Considerable efforts have been made to inhibit Mg dendrites, such as fabrication of the protective solid electrolyte interface, construction of three-dimensional (3D) hosts, and optimization of liquid/solid-state electrolytes.18-24 According to Sand's model, design of 3D hosts or scaffolds for a Mg metal anode could reduce the local current density and prevent volume changes, so as to inhibit the growth of Mg dendrites during repeated cycles.25, 26 Song et al.'s27 group designed a 3D VNCA@C substrate, with N- and O-doped carbon fiber, to serve as a Mg anode, which could homogenize the current distribution and promote uniform deposition of Mg. Nonetheless, 3D scaffolds with sophisticated and magnesiophilic surfaces are still very much required to further improve the electrochemical performances of LMBs. Furthermore, the fundamental mechanism governing the process of Mg electrodeposition/dissolution onto the engineered host remains in its nascent stages.
Epitaxial electrodeposition has been carried out with the aim of promoting homogeneous deposition in rechargeable Zn- and Li-ion batteries.28-31 During the epitaxial electrodeposition procedure, an epilayer interphase with low lattice parameters that was a misfit with the substrate was designed to facilitate heteroepitaxial nucleation under low residual stresses. The well-aligned graphene-modified electrode was developed to ideally match the Zn metal, driving Zn deposition with the planform and locked crystallographic orientation.32 In addition, the homogeneous modified coatings were fabricated to enable homoepitaxial growth of Li metal during the electrodeposition procedure.31 However, the reported layers used for epitaxial electrodeposition were usually 2D nanosheet materials, such as graphene, SnS2, and so forth, with a relatively low specific surface area. In this vein, the hierarchically porous electrode was anticipated to promote heteroepitaxial electrodeposition through an interplay of factors, including reduction of local current density and facilitation of uniform deposition while maintaining a fixed orientation.

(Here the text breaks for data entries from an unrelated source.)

(* Let $f(x)=\frac1n\sum_{t=1}^n f_t(x)$ where each $f_t:\mathbb{R}^d\to\mathbb{R}$ is convex and continuously differentiable, and suppose there are positive semidefinite matrices $Q^1,\dots,Q^m$ such that for all $t\in[n]$, $j\in[m]$ and $x,y\in\mathbb{R}^d$, $\|\nabla^{(j)} f_t(x)-\nabla^{(j)} f_t(y)\|^2\le\|x-y\|^2_{Q^j}$. Then for all $j\in[m]$ and $x,y$, $\|\nabla^{(j)} f(x)-\nabla^{(j)} f(y)\|^2\le\|x-y\|^2_{Q^j}$; consequently, with $L^2=2\|\tilde Q\|$, $f$ satisfies for all $x,y$: $f(y)-f(x)\le\langle\nabla f(x),y-x\rangle+\frac L2\|y-x\|^2$ and $\|\nabla f(y)-\nabla f(x)\|^2\le 2L(f(y)-f(x)-\langle\nabla f(x),y-x\rangle)$.
   Context: The coordinates $\{1,\dots,d\}$ are partitioned into $m$ consecutive blocks $\mathcal{S}^1,\dots,\mathcal{S}^m$; $\nabla^{(j)}$ denotes the block-$j$ part of a gradient. For a PSD matrix $Q$, $\|x\|_Q^2=x^\top Qx$. For a $d\times d$ matrix $Q$, $(Q)_{\ge j}$ is obtained by zeroing all rows and columns indexed by blocks $1,\dots,j-1$. $\tilde Q=\sum_{j=1}^m[(Q^j)_{\ge j}+(Q^j)_{\ge j+1}]$ and $L^2=2\|\tilde Q\|<\infty$ (operator norm). *)

theory Defs
  imports "HOL-Analysis.Analysis"
begin

text \<open>Coordinates are indexed by a finite linearly ordered type 'd (so vectors are real^'d,
  i.e. R^d with d = CARD('d)). Blocks are S 1, ..., S m.\<close>

definition block_partition :: "nat \<Rightarrow> (nat \<Rightarrow> ('d::{finite,linorder}) set) \<Rightarrow> bool" where
  "block_partition m S \<longleftrightarrow>
     (\<Union>j\<in>{1..m}. S j) = UNIV \<and>
     (\<forall>j\<in>{1..m}. S j \<noteq> {}) \<and>
     (\<forall>j k a b. 1 \<le> j \<and> j < k \<and> k \<le> m \<and> a \<in> S j \<and> b \<in> S k \<longrightarrow> a < b)"

text \<open>Block-j part of a vector (other coordinates zeroed; its norm is the norm of the block).\<close>
definition block_part :: "(nat \<Rightarrow> ('d::finite) set) \<Rightarrow> nat \<Rightarrow> real^'d \<Rightarrow> real^'d" where
  "block_part S j v = (\<chi> i. if i \<in> S j then v $ i else 0)"

definition psd :: "real^'d^'d \<Rightarrow> bool" where
  "psd Q \<longleftrightarrow> transpose Q = Q \<and> (\<forall>x. 0 \<le> x \<bullet> (Q *v x))"

definition qnorm_sq :: "real^'d^'d \<Rightarrow> real^'d \<Rightarrow> real" where
  "qnorm_sq Q x = x \<bullet> (Q *v x)"

definition mat_geq :: "(nat \<Rightarrow> ('d::finite) set) \<Rightarrow> nat \<Rightarrow> real^'d^'d \<Rightarrow> real^'d^'d" where
  "mat_geq S j Q = (\<chi> a b. if a \<in> (\<Union>k\<in>{1..<j}. S k) \<or> b \<in> (\<Union>k\<in>{1..<j}. S k) then 0 else Q $ a $ b)"

definition Q_tilde :: "nat \<Rightarrow> (nat \<Rightarrow> ('d::finite) set) \<Rightarrow> (nat \<Rightarrow> real^'d^'d) \<Rightarrow> real^'d^'d" where
  "Q_tilde m S Q = (\<Sum>j\<in>{1..m}. mat_geq S j (Q j) + mat_geq S (j+1) (Q j))"

definition mat_opnorm :: "real^'d^'d \<Rightarrow> real" where
  "mat_opnorm A = onorm (\<lambda>x. A *v x)"

end

theory Submission
  imports Defs
begin

text \<open>The blockwise bound for f is inherited from the f_t by averaging. For the descent inequality,
  walk from x to y changing one block at a time, block k on the k-th leg, whose endpoints differ from
  x in the blocks >= k and >= k+1 respectively. On that leg only the block-k gradient matters, and its
  deviation from g x is bounded by the root of the Q^k-form of the displacement from x, a convex
  combination of the endpoint displacements. Averaging this root over the leg (Jensen) gives the two
  terms (Q^k)_{>=k} and (Q^k)_{>=k+1} of Q_tilde; Cauchy-Schwarz over the blocks then yields
  L/2 |y - x|^2. Cocoercivity follows from descent and convexity by the standard argument of
  evaluating f at y - (g y - g x) / L.\<close>

definition vec_restrict :: "'d set \<Rightarrow> real^'d \<Rightarrow> real^'d" where
  "vec_restrict A z = (\<chi> i. if i \<in> A then z $ i else 0)"

lemma block_part_eq_vec_restrict: "block_part S j = vec_restrict (S j)"
  by (simp add: block_part_def vec_restrict_def fun_eq_iff)

lemma linear_vec_restrict: "linear (vec_restrict A)"
  by (rule linearI) (simp_all add: vec_restrict_def vec_eq_iff)

lemma vec_restrict_UNIV [simp]: "vec_restrict UNIV z = z"
  and vec_restrict_empty [simp]: "vec_restrict {} z = 0"
  by (simp_all add: vec_restrict_def vec_eq_iff)

lemma vec_restrict_idem [simp]: "vec_restrict A (vec_restrict A z) = vec_restrict A z"
  by (simp add: vec_restrict_def vec_eq_iff)

lemma vec_restrict_Un:
  "A \<inter> B = {} \<Longrightarrow> vec_restrict (A \<union> B) z = vec_restrict A z + vec_restrict B z"
  by (auto simp: vec_restrict_def vec_eq_iff)

lemma inner_vec_restrict: "u \<bullet> vec_restrict A z = vec_restrict A u \<bullet> z"
  by (auto simp: vec_restrict_def inner_vec_def intro!: sum.cong)

lemma norm_vec_restrict_sq: "(norm (vec_restrict A z))\<^sup>2 = (\<Sum>i\<in>A. (z $ i)\<^sup>2)"
  unfolding power2_norm_eq_inner
  by (simp add: inner_vec_def vec_restrict_def if_distrib power2_eq_square sum.If_cases)

lemma psd_form_sym:
  "psd Q \<Longrightarrow> a \<bullet> (Q *v b) = b \<bullet> (Q *v a)"
  unfolding psd_def by (metis dot_lmul_matrix transpose_matrix_vector inner_commute)

lemma qnorm_sq_nonneg: "psd Q \<Longrightarrow> 0 \<le> qnorm_sq Q z"
  by (simp add: psd_def qnorm_sq_def)

lemma convex_on_qnorm_sq:
  assumes "psd Q"
  shows "convex_on UNIV (qnorm_sq Q)"
proof (rule convex_onI)
  fix t :: real and a b
  assume "0 < t" "t < 1"
  have sym: "a \<bullet> (Q *v b) = b \<bullet> (Q *v a)" by (rule psd_form_sym[OF assms])
  have "0 \<le> t * (1 - t) * qnorm_sq Q (a - b)"
    using \<open>0 < t\<close> \<open>t < 1\<close> qnorm_sq_nonneg[OF assms] by simp
  then show "qnorm_sq Q ((1 - t) *\<^sub>R a + t *\<^sub>R b) \<le> (1 - t) * qnorm_sq Q a + t * qnorm_sq Q b"
    using sym unfolding qnorm_sq_def
    by (simp add: matrix_vector_mult_diff_distrib matrix_vector_right_distrib
        matrix_vector_mult_scaleR inner_diff_left inner_diff_right inner_add_left inner_add_right
        algebra_simps)
qed simp

lemma qnorm_sq_add_matrix: "qnorm_sq (A + B) z = qnorm_sq A z + qnorm_sq B z"
  unfolding qnorm_sq_def by (simp add: matrix_vector_mult_add_rdistrib inner_add_right)

lemma qnorm_sq_sum_matrix: "qnorm_sq (\<Sum>j\<in>I. A j) z = (\<Sum>j\<in>I. qnorm_sq (A j) z)"
  by (induction I rule: infinite_finite_induct)
    (simp_all add: qnorm_sq_add_matrix, simp_all add: qnorm_sq_def)

lemma qnorm_sq_le_mat_opnorm: "qnorm_sq A z \<le> mat_opnorm A * (norm z)\<^sup>2"
proof -
  have "qnorm_sq A z \<le> norm z * norm (A *v z)"
    unfolding qnorm_sq_def by (rule norm_cauchy_schwarz)
  also have "\<dots> \<le> norm z * (mat_opnorm A * norm z)"
    unfolding mat_opnorm_def by (intro mult_left_mono onorm) simp_all
  finally show ?thesis by (simp add: power2_eq_square ac_simps)
qed

definition blocks_before :: "(nat \<Rightarrow> 'd set) \<Rightarrow> nat \<Rightarrow> 'd set" where
  "blocks_before S j = (\<Union>k\<in>{1..<j}. S k)"

lemma qnorm_sq_mat_geq:
  "qnorm_sq (mat_geq S j Q) z = qnorm_sq Q (vec_restrict (- blocks_before S j) z)"
  unfolding qnorm_sq_def mat_geq_def vec_restrict_def blocks_before_def
  by (auto simp: inner_vec_def matrix_vector_mult_def sum_distrib_left intro!: sum.cong)

lemma blocks_before_1 [simp]: "blocks_before S 1 = {}"
  by (simp add: blocks_before_def)

lemma blocks_before_Suc: "1 \<le> k \<Longrightarrow> blocks_before S (Suc k) = blocks_before S k \<union> S k"
  unfolding blocks_before_def by (auto simp: less_Suc_eq)

context
  fixes m :: nat and S :: "nat \<Rightarrow> 'd::{finite,linorder} set"
  assumes blocks: "block_partition m S"
begin

lemma blocks_before_all: "blocks_before S (Suc m) = UNIV"
  using blocks unfolding blocks_before_def block_partition_def
  by (simp add: atLeastLessThanSuc_atLeastAtMost)

lemma blocks_disjoint: "j \<in> {1..m} \<Longrightarrow> k \<in> {1..m} \<Longrightarrow> j \<noteq> k \<Longrightarrow> S j \<inter> S k = {}"
  using blocks unfolding block_partition_def
  by (metis atLeastAtMost_iff disjoint_iff less_asym' nat_neq_iff)

lemma block_disjoint_before: "k \<in> {1..m} \<Longrightarrow> S k \<inter> blocks_before S k = {}"
  using blocks_disjoint unfolding blocks_before_def by fastforce

lemma vec_restrict_tail_split:
  assumes "k \<in> {1..m}"
  shows "vec_restrict (- blocks_before S k) z
    = vec_restrict (S k) z + vec_restrict (- blocks_before S (Suc k)) z"
proof -
  have "- blocks_before S k = S k \<union> - blocks_before S (Suc k)"
    and "S k \<inter> - blocks_before S (Suc k) = {}"
    using assms block_disjoint_before blocks_before_Suc[of k S] by auto
  then show ?thesis by (metis vec_restrict_Un)
qed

Metal–organic frameworks (MOFs), with abundant pore structures and functional groups, can be expected to offer enriched nucleation sites and a well-defined transmission channel, thus promoting homogeneous and reversible metal deposition. Moreover, the space-confinement effect generated by MOFs could promote preferential growth of Mg atoms in the successive nanochannels. Nevertheless, to the best of our knowledge, no studies on epitaxial electrodeposition driven by MOF matrices have been reported, whether in Li, Zn, Mg, or other metal ion batteries. Furthermore, the precise epitaxial mechanisms governing the atomic-scale regulation of Mg atoms by the MOF matrix remain a topic of ongoing research and are yet to be definitively established.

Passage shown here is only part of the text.